= Oteramika =

Locality in Southland region, New Zealand

Oteramika is a locality in the Southland region of New Zealand's South Island. It is in a rural setting near Waituna and Woodlands to the north, Rimu to the west, and to the south on the Southern Scenic Route are Mokotua, Kapuka, and Ashers. The major centre of Southland, Invercargill, is over 15 km west.

Before European settlement, Southland's flat plains were covered by bush – mataī, rimu, tawai, kānuka and mānuka, and by tussock grasslands, with wetlands in low-lying areas. Oteramika is part of the Murihiku Block, bought by the Government in 1853, and shares its early history with the rest of Southland. The New Zealand and Australian Land Company was formed in Glasgow in March 1866 and, by 1867, had about 123,000 acre, including the 12,000 acre Oteramika Station.
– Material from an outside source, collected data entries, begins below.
lemma extensions_pieces:
  assumes lab: "lab ` D (length p) \<subseteq> {..<k}"
    and children: "\<And>a. a \<in> D (length p) \<Longrightarrow> extensions (p @ [a]) \<noteq> {} \<Longrightarrow>
      \<exists>e. cw_represents (extensions (p @ [a])) lt (lab a) e \<and> cw_labels e \<subseteq> {..<k} \<and>
        cw_depth e \<le> c + ceillog2 (card (extensions (p @ [a])))"
  obtains piece where
    "\<And>v. v \<in> extensions p \<Longrightarrow> v \<in> cw_verts (piece v)"
    "\<And>v w. v \<in> extensions p \<Longrightarrow> w \<in> cw_verts (piece v) \<Longrightarrow> w \<in> extensions p \<and> piece w = piece v"
    "\<And>v. v \<in> extensions p \<Longrightarrow>
      cw_wf (piece v) \<and> cw_depth (piece v) \<le> c + ceillog2 (card (cw_verts (piece v)))"
    "\<And>v. v \<in> extensions p \<Longrightarrow> cw_lab (piece v) v = lab (f v ! length p) \<and> cw_labels (piece v) \<subseteq> {..<k}"
    "(\<Union>v\<in>extensions p. cw_arcs (piece v)) =
      {(x, y). x \<in> extensions p \<and> y \<in> extensions p \<and> f x ! length p = f y ! length p \<and> lt x y}"
proof -
  define d where "d = length p"
  define good where "good a e \<longleftrightarrow> cw_represents (extensions (p @ [a])) lt (lab a) e \<and>
    cw_labels e \<subseteq> {..<k} \<and> cw_depth e \<le> c + ceillog2 (card (extensions (p @ [a])))" for a e
  have "\<forall>a. \<exists>e. a \<in> D d \<and> extensions (p @ [a]) \<noteq> {} \<longrightarrow> good a e"
    using children unfolding good_def d_def by blast
  then obtain G where G: "\<And>a. a \<in> D d \<Longrightarrow> extensions (p @ [a]) \<noteq> {} \<Longrightarrow> good a (G a)"
    by metis
  define piece where
    "piece v = (if length (f v) = Suc d then CVertex v (lab (f v ! d)) else G (f v ! d))" for v
  have inner: "v \<in> extensions (p @ [f v ! d]) \<and> good (f v ! d) (piece v)"
    if "v \<in> extensions p" "length (f v) \<noteq> Suc d" for v
  proof -
    have "Suc d < length (f v)"
      using that unfolding extensions_def d_def by auto
    then have "v \<in> extensions (p @ [f v ! d])"
      using that(1) unfolding extensions_snoc d_def by simp
    moreover have "f v ! d \<in> D d"
      using extensions_letter(2)[OF that(1)] unfolding d_def .
    ultimately show ?thesis
      using G that(2) unfolding piece_def by auto
  qed
  have own: "v \<in> cw_verts (piece v)" if "v \<in> extensions p" for v
    using inner[OF that] unfolding piece_def good_def cw_represents_def by auto
  have closed: "w \<in> extensions p \<and> piece w = piece v"
    if "v \<in> extensions p" "w \<in> cw_verts (piece v)" for v w
  proof (cases "length (f v) = Suc d")
    case True
    then show ?thesis
      using that unfolding piece_def by simp
  next
    case False
    then have "w \<in> extensions (p @ [f v ! d])"
      using inner[OF that(1)] that(2) unfolding good_def cw_represents_def by simp
    then have "w \<in> extensions p" "Suc d < length (f w)" "f w ! d = f v ! d"
      unfolding extensions_snoc d_def by auto
    then show ?thesis
      using False unfolding piece_def by simp
  qed
  have small: "cw_wf (piece v) \<and> cw_depth (piece v) \<le> c + ceillog2 (card (cw_verts (piece v)))"
    if "v \<in> extensions p" for v
    using inner[OF that] unfolding piece_def good_def cw_represents_def by auto
  have labels: "cw_lab (piece v) v = lab (f v ! length p) \<and> cw_labels (piece v) \<subseteq> {..<k}"
    if "v \<in> extensions p" for v
    using inner[OF that] lab extensions_letter(2)[OF that]
    unfolding piece_def good_def cw_represents_def d_def by auto
  have "(\<Union>v\<in>extensions p. cw_arcs (piece v)) =
      (\<Union>a. {(x, y). x \<in> extensions (p @ [a]) \<and> y \<in> extensions (p @ [a]) \<and> lt x y})"
  proof (intro equalityI subsetI)
    fix z assume "z \<in> (\<Union>v\<in>extensions p. cw_arcs (piece v))"
    then obtain v where v: "v \<in> extensions p" "z \<in> cw_arcs (piece v)"
      by blast
    then have "length (f v) \<noteq> Suc d"
      unfolding piece_def by auto
    then show "z \<in> (\<Union>a. {(x, y). x \<in> extensions (p @ [a]) \<and> y \<in> extensions (p @ [a]) \<and> lt x y})"
      using v(2) inner[OF v(1)] unfolding good_def cw_represents_def by blast
  next
    fix z assume "z \<in> (\<Union>a. {(x, y). x \<in> extensions (p @ [a]) \<and> y \<in> extensions (p @ [a]) \<and> lt x y})"
    then obtain a x y where z: "z = (x, y)" "x \<in> extensions (p @ [a])" "y \<in> extensions (p @ [a])" "lt x y"
      by blast
    then have x: "x \<in> extensions p" "length (f x) \<noteq> Suc d" "f x ! d = a"
      unfolding extensions_snoc d_def by auto
    then have "z \<in> cw_arcs (piece x)"
      using inner[OF x(1,2)] z unfolding good_def cw_represents_def by simp
    then show "z \<in> (\<Union>v\<in>extensions p. cw_arcs (piece v))"
      using x(1) by blast
  qed
  then show ?thesis
    using that[OF own closed small labels] unfolding same_letter_lt_in_child by blast
qed
lemma ppm_open_Inter:
  assumes "ppm_open p UNIV" "finite F" "\<And>U. U \<in> F \<Longrightarrow> ppm_open p U"
  shows "ppm_open p (\<Inter>F)"
  using assms(2,3) by (induction F rule: finite_induct) (simp_all add: assms(1) ppm_open_Int)

lemma ppm_bottom_eq:
  assumes "\<forall>y. ppm_le p x y" "\<forall>y. ppm_le p x' y"
  shows "p x z = p x' z'"
proof -
  have const: "p u v = p u u" if "\<forall>y. ppm_le p u y" for u v
    using that ppm_self_le[of u v] by (simp add: ppm_le_def order_antisym)
  have "p x z = p x x'"
    using const[OF assms(1), of z] const[OF assms(1), of x'] by simp
  also have "\<dots> = p x' z'"
    using const[OF assms(2), of x] const[OF assms(2), of z'] ppm_sym[of x x'] by simp
  finally show ?thesis .
qed

lemma ppm_self_less_bottom:
  assumes "\<forall>y. ppm_le p x y" and "\<not> ppm_le p m n"
  shows "p m m < p x x"
proof -
  have mx: "p m x = p x x" and xn: "p x n = p x x"
    using ppm_bottom_eq[OF assms(1,1)] ppm_sym by metis+
  have le: "p m m \<le> p x x"
    using ppm_self_le[of m x] mx by simp
  have "p m n \<le> p x x" if eq: "p m m = p x x"
  proof -
    have "p x x + p m n \<le> p x x + p x x"
      using ppm_triangle[of m n x] mx xn by (simp add: add.commute)
    moreover have "p x x \<noteq> top"
      using assms(2) eq by (auto simp: ppm_le_def)
    ultimately show ?thesis
      by (simp add: ennreal_add_left_cancel_le)
  qed
  then show ?thesis
    using le assms(2) by (auto simp: ppm_le_def order_le_less)
qed

lemma ppm_open_not_bottom: "ppm_open p {x. \<exists>y. \<not> ppm_le p x y}"
  unfolding ppm_open_iff
proof
  fix m assume "m \<in> {x. \<exists>y. \<not> ppm_le p x y}"
  then obtain n where n: "\<not> ppm_le p m n" by blast
  then have "p m m < top"
    unfolding ppm_le_def using top_greatest by (blast intro: order.strict_trans2 not_le_imp_less)
  moreover have "\<exists>\<delta>>0. ppm_ball p \<delta> m \<subseteq> {x. \<exists>y. \<not> ppm_le p x y}"
  proof (cases "\<exists>x. \<forall>y. ppm_le p x y")
    case False
    then show ?thesis by (intro exI[of _ 1]) auto
  next
    case True
    then obtain x where x: "\<forall>y. ppm_le p x y" by blast
    obtain \<delta> where "\<delta> > 0" and \<delta>: "p m m + ennreal \<delta> \<le> p x x"
      using ennreal_less_imp_add_le[OF ppm_self_less_bottom[OF x n]] by blast
    have "\<not> (\<forall>y. ppm_le p z y)" if "z \<in> ppm_ball p \<delta> m" for z
    proof
      assume "\<forall>y. ppm_le p z y"
      then have "p z m = p x x"
        using ppm_bottom_eq x by blast
      then show False
        using that \<delta> by (simp add: ppm_ball_def)
    qed
    with \<open>\<delta> > 0\<close> show ?thesis by blast
  qed
  ultimately show "p m m < top \<and> (\<exists>\<delta>>0. ppm_ball p \<delta> m \<subseteq> {x. \<exists>y. \<not> ppm_le p x y})" ..
qed

lemma ppm_belowI:
  assumes "\<And>\<epsilon> x y. y \<in> ppm_ball q \<epsilon> x \<Longrightarrow> \<exists>W. ppm_open p W \<and> y \<in> W \<and> W \<subseteq> ppm_ball q \<epsilon> x"
  shows "ppm_below p q"
  unfolding ppm_below_def
proof (intro allI impI)
  fix U assume "ppm_open q U"
  then obtain S where S: "S \<subseteq> {ppm_ball q \<epsilon> x | \<epsilon> x. \<epsilon> > 0}" "U = \<Union>S"
    unfolding ppm_open_def by blast
  have "p y y < top \<and> (\<exists>\<delta>>0. ppm_ball p \<delta> y \<subseteq> U)" if "y \<in> U" for y
  proof -
    obtain \<epsilon> x where "y \<in> ppm_ball q \<epsilon> x" "ppm_ball q \<epsilon> x \<subseteq> U"
      using S \<open>y \<in> U\<close> by blast
    then obtain W where "ppm_open p W" "y \<in> W" "W \<subseteq> U"
      using assms by blast
    then show ?thesis
      unfolding ppm_open_iff by blast
  qed
  then show "ppm_open p U"
    unfolding ppm_open_iff by blast
qed

end

(* Abs (Abs (Var 0)) is KI = \<lambda>x y. y in de Bruijn notation. *)
lemma solvable_App_KI: "solvable (App (Abs (Abs (Var 0))) M)"
proof -
  have "beta_conv (App (Abs (Abs (Var 0))) M) (Abs (Var 0))"
    using beta_redex[of "Abs (Var 0)" M] by (simp add: beta_conv_def r_into_equivclp)
  moreover have "hnf (Abs (Var 0))"
    by (intro hnf.intros head_app.intros)
  ultimately show ?thesis
    unfolding solvable_def by blast
qed
(* Let $\mathbb{E}(3,3)$ be the set of partitions in $\mathbb{C}(3,3)$ having no odd parts, and let $\mathbb{F}(3,3)$ be the set of pairs $(\pi,\zeta)$ of partitions such that $\pi\in\mathbb{E}(3,3)$ and $\zeta$ is a partition into distinct odd parts, each at least $2N_2(\pi)+1$ (the empty partition allowed). There is a bijection $\Phi\colon\mathbb{F}(3,3)\to\mathbb{C}(3,3)$ such that for every $(\pi,\zeta)\in\mathbb{F}(3,3)$, the partition $\omega=\Phi(\pi,\zeta)$ satisfies $|\omega|=|\pi|+|\zeta|$ and $\ell(\omega)=\ell(\pi)+\ell(\zeta)$.
   Context: A partition $\pi=(\pi_1,\dots,\pi_\ell)$ is a finite non-increasing sequence of positive integers; $\ell(\pi)$ is its number of parts and $|\pi|$ its sum. Göllnitz–Gordon marking: $GG(\pi)$ assigns a positive integer (mark) to each part, processing the parts from smallest to largest ($\pi_\ell,\dots,\pi_1$); $\pi_i$ receives the smallest positive integer different from the marks of all parts $\pi_g$ with $g>i$ and $\pi_i-\pi_g\le 2$, where $\pi_i-\pi_g<2$ is required when $\pi_i$ is odd. $N_2(\pi)$ is the number of parts of $\pi$ receiving mark $2$. $\mathbb{C}(3,3)$: the set of partitions $\pi=(\pi_1,\dots,\pi_\ell)$ such that (i) no odd part is repeated; (ii) $\pi_i\ge\pi_{i+2}+2$ for $1\le i\le\ell-2$, with strict inequality if $\pi_i$ is even; (iii) at most $2$ parts are $\le 2$. *)

theory Defs
  imports Main
begin

text \<open>A partition is a list of positive naturals in non-increasing order
  (pi_1 >= pi_2 >= ... >= pi_l); index i of the paper is list index i-1.\<close>
definition is_partition :: "nat list \<Rightarrow> bool" where
  "is_partition p \<longleftrightarrow> sorted_wrt (\<ge>) p \<and> (\<forall>x\<in>set p. 0 < x)"

fun gg_marks :: "nat list \<Rightarrow> nat list" where
  "gg_marks [] = []"
| "gg_marks (x # xs) =
     (let ms = gg_marks xs;
          forb = {ms ! j | j. j < length xs \<and> x \<le> xs ! j + 2 \<and>
                               (odd x \<longrightarrow> x < xs ! j + 2)}
      in (LEAST m. 0 < m \<and> m \<notin> forb) # ms)"

definition N2 :: "nat list \<Rightarrow> nat" where
  "N2 p = length (filter (\<lambda>m. m = 2) (gg_marks p))"

definition C33 :: "nat list set" where
  "C33 = {p. is_partition p
     \<and> (\<forall>i j. i < j \<and> j < length p \<and> p ! i = p ! j \<longrightarrow> even (p ! i))
     \<and> (\<forall>i. i + 2 < length p \<longrightarrow>
          p ! (i + 2) + 2 \<le> p ! i \<and> (even (p ! i) \<longrightarrow> p ! (i + 2) + 2 < p ! i))
     \<and> length (filter (\<lambda>x. x \<le> 2) p) \<le> 2}"

definition E33 :: "nat list set" where
  "E33 = {p \<in> C33. \<forall>x\<in>set p. even x}"

definition F33 :: "(nat list \<times> nat list) set" where
  "F33 = {(p, z). p \<in> E33 \<and> is_partition z \<and> distinct z \<and>
                  (\<forall>x\<in>set z. odd x \<and> 2 * N2 p + 1 \<le> x)}"

end

theory Submission
  imports Defs
begin

text \<open>\<Phi> inserts the odd parts of \<zeta> into \<pi> one at a time, smallest first. An odd
  part t travels down from the top; whenever it passes a close pair of even parts, (y, y) or
  (y, y - 2), it raises that pair by 2 in total and continues as t - 2. This preserves the
  conditions of C(3,3) as long as t exceeds a bound read off the partition, and afterwards the
  bound is t. For an even partition the bound is 2 N2 - 1, because its Goellnitz-Gordon marks 2
  come from a greedy pairing of close parts; so distinct odd parts of size at least 2 N2 + 1
  can be inserted in increasing order. Conversely, the largest odd part of any partition in
  C(3,3) can be pulled back up, lowering again the pairs it passes, which undoes the last
  insertion.\<close>

section \<open>A recursive form of C(3,3)\<close>

fun admissible :: "nat list \<Rightarrow> bool" where
  "admissible [] = True"
| "admissible [a] = (0 < a)"
| "admissible [a, b] = (b \<le> a \<and> 0 < b \<and> (a = b \<longrightarrow> even a))"
| "admissible (a # b # c # r) =
     (b \<le> a \<and> (a = b \<longrightarrow> even a) \<and> c + 2 \<le> a \<and> (even a \<longrightarrow> c + 3 \<le> a) \<and> admissible (b # c # r))"

lemma admissible_ConsD: "admissible (a # r) \<Longrightarrow> admissible r"
  by (induction r rule: admissible.induct) (auto split: if_splits)

lemma admissible_Cons_Cons_le: "admissible (a # b # r) \<Longrightarrow> b \<le> a \<and> (a = b \<longrightarrow> even a) \<and> 0 < b"
  by (cases r rule: admissible.cases) (auto dest: admissible_ConsD)

lemma admissible_hd_pos: "admissible (a # r) \<Longrightarrow> 0 < a"
  by (cases r rule: admissible.cases) (auto dest: admissible_ConsD)

lemma admissible_Cons_ge: "admissible (a # p) \<Longrightarrow> x \<in> set p \<Longrightarrow> x \<le> a"
proof (induction p arbitrary: a)
  case (Cons b r)
  have "b \<le> a" using admissible_Cons_Cons_le[OF Cons.prems(1)] by simp
  moreover have "x \<le> b" if "x \<in> set r"
    using Cons.IH[OF admissible_ConsD[OF Cons.prems(1)] that] .
  ultimately show ?case using Cons.prems(2) by (metis order_trans set_ConsD)
qed simp

lemma admissible_sorted: "admissible p \<Longrightarrow> sorted_wrt (\<ge>) p"
proof (induction p)
  case (Cons a p)
  then show ?case using admissible_Cons_ge[of a p] admissible_ConsD[of a p] by simp
qed simp

lemma admissible_is_partition: "admissible p \<Longrightarrow> is_partition p"
proof (induction p)
  case (Cons a p)
  then show ?case
    using admissible_sorted[OF Cons.prems] admissible_hd_pos[OF Cons.prems]
      admissible_ConsD[OF Cons.prems] by (simp add: is_partition_def)
qed (simp add: is_partition_def)

lemma admissible_drop: "admissible p \<Longrightarrow> admissible (drop i p)"
proof (induction i arbitrary: p)
  case (Suc i)
  then show ?case by (cases p) (auto dest: admissible_ConsD)
qed simp

lemma admissible_few_small: "admissible p \<Longrightarrow> length (filter (\<lambda>x. x \<le> 2) p) \<le> 2"
proof (induction p rule: admissible.induct)
  case (4 a b c r)
  have "admissible (b # c # r)" using admissible_ConsD[OF "4.prems"] .
  moreover have "0 < c" using admissible_hd_pos admissible_ConsD calculation by blast
  ultimately show ?case using "4.IH" "4.prems" by simp
qed auto

lemma drop_nth_Cons_Cons:
  "Suc i < length p \<Longrightarrow> drop i p = p ! i # p ! Suc i # drop (Suc (Suc i)) p"
  by (simp add: Cons_nth_drop_Suc)

lemma admissible_C33: "admissible p \<Longrightarrow> p \<in> C33"
proof -
  assume adm: "admissible p"
  have sorted: "sorted_wrt (\<ge>) p" using admissible_sorted[OF adm] .
  have adjacent: "even (p ! i)" if "Suc i < length p" "p ! i = p ! Suc i" for i
    using admissible_drop[OF adm, of i] drop_nth_Cons_Cons[OF that(1)] that(2)
      admissible_Cons_Cons_le by metis
  have repeated: "even (p ! i)" if "i < j" "j < length p" "p ! i = p ! j" for i j
  proof -
    have "p ! j \<le> p ! Suc i"
    proof (cases "j = Suc i")
      case False
      then show ?thesis using sorted that unfolding sorted_wrt_iff_nth_less by simp
    qed simp
    moreover have "p ! Suc i \<le> p ! i"
      using sorted that(1,2) unfolding sorted_wrt_iff_nth_less by simp
    ultimately have "p ! i = p ! Suc i" using that(3) by simp
    then show ?thesis using adjacent that by simp
  qed
  have gap: "p ! (i + 2) + 2 \<le> p ! i \<and> (even (p ! i) \<longrightarrow> p ! (i + 2) + 2 < p ! i)"
    if "i + 2 < length p" for i
  proof -
    have "drop i p = p ! i # p ! (i + 1) # p ! (i + 2) # drop (i + 3) p"
      using that by (simp add: Cons_nth_drop_Suc numeral_3_eq_3 numeral_2_eq_2)
    then have "admissible (p ! i # p ! (i + 1) # p ! (i + 2) # drop (i + 3) p)"
      using admissible_drop[OF adm, of i] by simp
    then show ?thesis by auto
  qed
  show ?thesis
    unfolding C33_def
    using admissible_is_partition[OF adm] repeated gap admissible_few_small[OF adm]
    by blast
qed

lemma C33_D:
  assumes "p \<in> C33"
  shows "is_partition p"
    and "\<And>i j. i < j \<Longrightarrow> j < length p \<Longrightarrow> p ! i = p ! j \<Longrightarrow> even (p ! i)"
    and "\<And>i. i + 2 < length p \<Longrightarrow>
      p ! (i + 2) + 2 \<le> p ! i \<and> (even (p ! i) \<longrightarrow> p ! (i + 2) + 2 < p ! i)"
    and "length (filter (\<lambda>x. x \<le> 2) p) \<le> 2"
  using assms unfolding C33_def by blast+
lemma infsum_grad_delta:
  fixes c :: "'d::finite \<Rightarrow> 'd site \<Rightarrow> real"
  shows "(\<Sum>\<^sub>\<infinity>x. (\<Sum>i\<in>UNIV. grad (delta p) x i * c i x)) = (\<Sum>i\<in>UNIV. c i (p - unitv i) - c i p)"
proof -
  define g where "g i x = (if x = p - unitv i then c i x else 0) - (if x = p then c i x else 0)" for i x
  have g: "grad (delta p) x i * c i x = g i x" for x i
  proof -
    have "delta p (x + unitv i) = (if x = p - unitv i then 1 else 0)" by (auto simp: delta_def)
    then show ?thesis unfolding grad_def g_def by (auto simp: delta_def)
  qed
  have gs: "g i summable_on UNIV" for i
    unfolding g_def by (rule summable_on_diff[OF summable_on_single_point summable_on_single_point])
  have "(\<Sum>\<^sub>\<infinity>x. (\<Sum>i\<in>UNIV. g i x)) = (\<Sum>i\<in>UNIV. (\<Sum>\<^sub>\<infinity>x. g i x))"
    by (rule infsum_sum) (use gs in auto)
  also have "\<dots> = (\<Sum>i\<in>UNIV. c i (p - unitv i) - c i p)"
    unfolding g_def
    by (simp add: infsum_diff[OF summable_on_single_point summable_on_single_point] infsum_single_point)
  finally show ?thesis by (simp add: g)
qed

text \<open>Testing the weak equation with \<open>v = \<delta>\<^sub>x\<close> recovers the pointwise equation at \<open>x\<close>.\<close>

lemma green_eq_imp_point_source_solution:
  fixes a :: "'d::finite cond"
  assumes ge: "green_eq T a y G"
  shows "bounded (range G) \<and> (\<forall>x. massive_op T a G x = delta y x)"
proof -
  have G2: "(\<lambda>x. (G x)\<^sup>2) summable_on UNIV" using ge unfolding green_eq_def by blast
  have Gb: "bounded (range G)" unfolding bounded_range_real_iff using l2_summable_bounded[OF G2] by blast
  have "massive_op T a G p = delta y p" for p
  proof -
    have "(\<lambda>x. (delta p x)\<^sup>2) = (\<lambda>x. if x = p then 1 else 0)" by (auto simp: delta_def)
    then have "(\<lambda>x. (delta p x)\<^sup>2) summable_on UNIV" using summable_on_single_point[of p "\<lambda>_. 1::real"] by simp
    then have weak: "(\<Sum>\<^sub>\<infinity>x. G x * delta p x / T)
        + (\<Sum>\<^sub>\<infinity>x. (\<Sum>i\<in>UNIV. grad (delta p) x i * (a x i * grad G x i))) = delta p y"
      using ge unfolding green_eq_def by (simp add: mult.assoc)
    have "(\<Sum>\<^sub>\<infinity>x. G x * delta p x / T) = (\<Sum>\<^sub>\<infinity>x. if x = p then G x / T else 0)"
      by (rule infsum_cong) (simp add: delta_def)
    then have "G p / T + (\<Sum>i\<in>UNIV. a (p - unitv i) i * grad G (p - unitv i) i - a p i * grad G p i) = delta p y"
      using weak by (simp add: infsum_single_point infsum_grad_delta)
    then show ?thesis
      unfolding massive_op_def divstar_def by (simp add: sum_subtractf delta_def eq_commute)
  qed
  then show ?thesis using Gb by blast
qed

lemma green_eq_point_source_solution:
  fixes a :: "'d::finite cond"
  assumes T: "T > 0" and a: "\<And>y j. 0 \<le> a y j \<and> a y j \<le> B"
    and Gb: "bounded (range G)" and L: "\<And>x. massive_op T a G x = delta y x"
  shows "green T a x y = G x"
proof -
  have "(THE G. green_eq T a y G) = G"
  proof (rule the_equality)
    show "green_eq T a y G" by (rule green_eq_of_point_source_solution[OF T a Gb L])
    fix G' assume "green_eq T a y G'"
    then have "bounded (range G')" "\<And>x. massive_op T a G' x = delta y x"
      using green_eq_imp_point_source_solution by blast+
    then show "G' = G" using massive_op_bounded_unique[where a=a and B=B, OF T a _ Gb] L by metis
  qed
  then show ?thesis unfolding green_def by simp
qed

text \<open>Symmetry: test the weak equation for the pole \<open>x\<close> with \<open>G(\<cdot>, w)\<close> and vice versa; the
  bilinear forms agree because \<open>A\<close> is diagonal.\<close>

lemma green_sym:
  fixes a :: "'d::finite cond"
  assumes T: "T > 0" and a: "\<And>y j. 0 \<le> a y j \<and> a y j \<le> B"
  shows "green T a x w = green T a w x"
proof -
  obtain Gx where Gx: "bounded (range Gx)" "\<And>z. massive_op T a Gx z = delta x z"
    using point_source_solution_exists[where a=a and B=B, OF T a] by blast
  obtain Gw where Gw: "bounded (range Gw)" "\<And>z. massive_op T a Gw z = delta w z"
    using point_source_solution_exists[where a=a and B=B, OF T a] by blast
  have ex: "green_eq T a x Gx" by (rule green_eq_of_point_source_solution[OF T a Gx])
  have ew: "green_eq T a w Gw" by (rule green_eq_of_point_source_solution[OF T a Gw])
  have "(\<Sum>\<^sub>\<infinity>z. Gx z * Gw z / T) + (\<Sum>\<^sub>\<infinity>z. (\<Sum>i\<in>UNIV. grad Gw z i * a z i * grad Gx z i)) = Gw x"
    using ex ew unfolding green_eq_def by blast
  moreover have "(\<Sum>\<^sub>\<infinity>z. Gw z * Gx z / T) + (\<Sum>\<^sub>\<infinity>z. (\<Sum>i\<in>UNIV. grad Gx z i * a z i * grad Gw z i)) = Gx w"
    using ex ew unfolding green_eq_def by blast
  ultimately have "Gw x = Gx w" by (simp add: mult.commute mult.left_commute)
  moreover have "green T a x w = Gw x" by (rule green_eq_point_source_solution[OF T a Gw])
  moreover have "green T a w x = Gx w" by (rule green_eq_point_source_solution[OF T a Gx])
  ultimately show ?thesis by simp
qed

lemma corr_eq_iff_massive_op:
  "corr_eq T c \<xi> \<phi> \<longleftrightarrow> bounded (range \<phi>) \<and> (\<forall>x. massive_op T c \<phi> x = divstar (\<lambda>y j. c y j * \<xi> $ j) x)"
proof -
  have "\<phi> x / T - divstar (\<lambda>y i. c y i * (grad \<phi> y i + \<xi> $ i)) x
      = massive_op T c \<phi> x - divstar (\<lambda>y j. c y j * \<xi> $ j) x" for x
    unfolding massive_op_def divstar_def by (simp add: algebra_simps sum.distrib sum_subtractf)
  then show ?thesis unfolding corr_eq_def by simp
qed
(* Let $(G,\sigma)$ be an RBMG explained by the leaf-colored tree $(T,\sigma)$. If $(T,\sigma)$ is least resolved w.r.t. $(G,\sigma)$, then every inner edge $e=uv\in E(T)$ (with $v$ a child of $u$) satisfies $\sigma(L(T(v)))\cap\sigma(L(T(u))\setminus L(T(v)))\ne\emptyset$.
   Context: A planted phylogenetic tree $T$ is a rooted tree with distinguished root $0_T$ of degree $1$, all other non-leaf vertices of degree $\ge3$; $L(T)$ its leaves (excluding $0_T$), $|L(T)|\ge2$, $V^0(T)$ its inner vertices; an inner edge is an edge with both endpoints in $V^0(T)$. $\preceq_T$ is the ancestor order towards $0_T$; $T(v)$, $\mathrm{child}(v)$, $\mathrm{lca}_T$ as usual. $\sigma$ maps $L(T)$ to a set of colors. A leaf $y$ is a best match of leaf $x$ if $\sigma(x)\ne\sigma(y)$ and $\mathrm{lca}_T(x,y)\preceq_T\mathrm{lca}_T(x,y')$ for all leaves $y'$ with $\sigma(y')=\sigma(y)$; the RBMG $G(T,\sigma)$ is the undirected vertex-colored graph on $L(T)$ whose edges are the reciprocal best match pairs. $(T,\sigma)$ explains $(G,\sigma)$ if $G(T,\sigma)=(G,\sigma)$. $(T,\sigma)$ is least resolved if for every inner edge $e$, the tree $T_e$ obtained by contracting $e$ satisfies $G(T_e,\sigma)\ne G(T,\sigma)$. *)

theory Defs
  imports Main
begin

text \<open>A rooted tree is represented by a finite vertex set V, a parent map par and
  a root r (the planted root 0_T), with the convention par r = r.\<close>

definition children :: "'v set \<Rightarrow> ('v \<Rightarrow> 'v) \<Rightarrow> 'v \<Rightarrow> 'v \<Rightarrow> 'v set" where
  "children V par r x = {w \<in> V. w \<noteq> r \<and> par w = x}"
No railway was ever built through Oteramika, but two railway stations were once named Oteramika. To the north Kamahi, on the Main South Line, and to the south Kapuka railway station, on the Tokanui Branch, were both named Oteramika. Kamahi opened on 7 June 1875 and closed on 31 July 1961. It was renamed in 1892, before Kapuka opened. Kapuka station opened on 1 March 1895, closed to passengers on 1 June 1960, and closed to all traffic on 31 March 1966. It was renamed on 1 November 1895.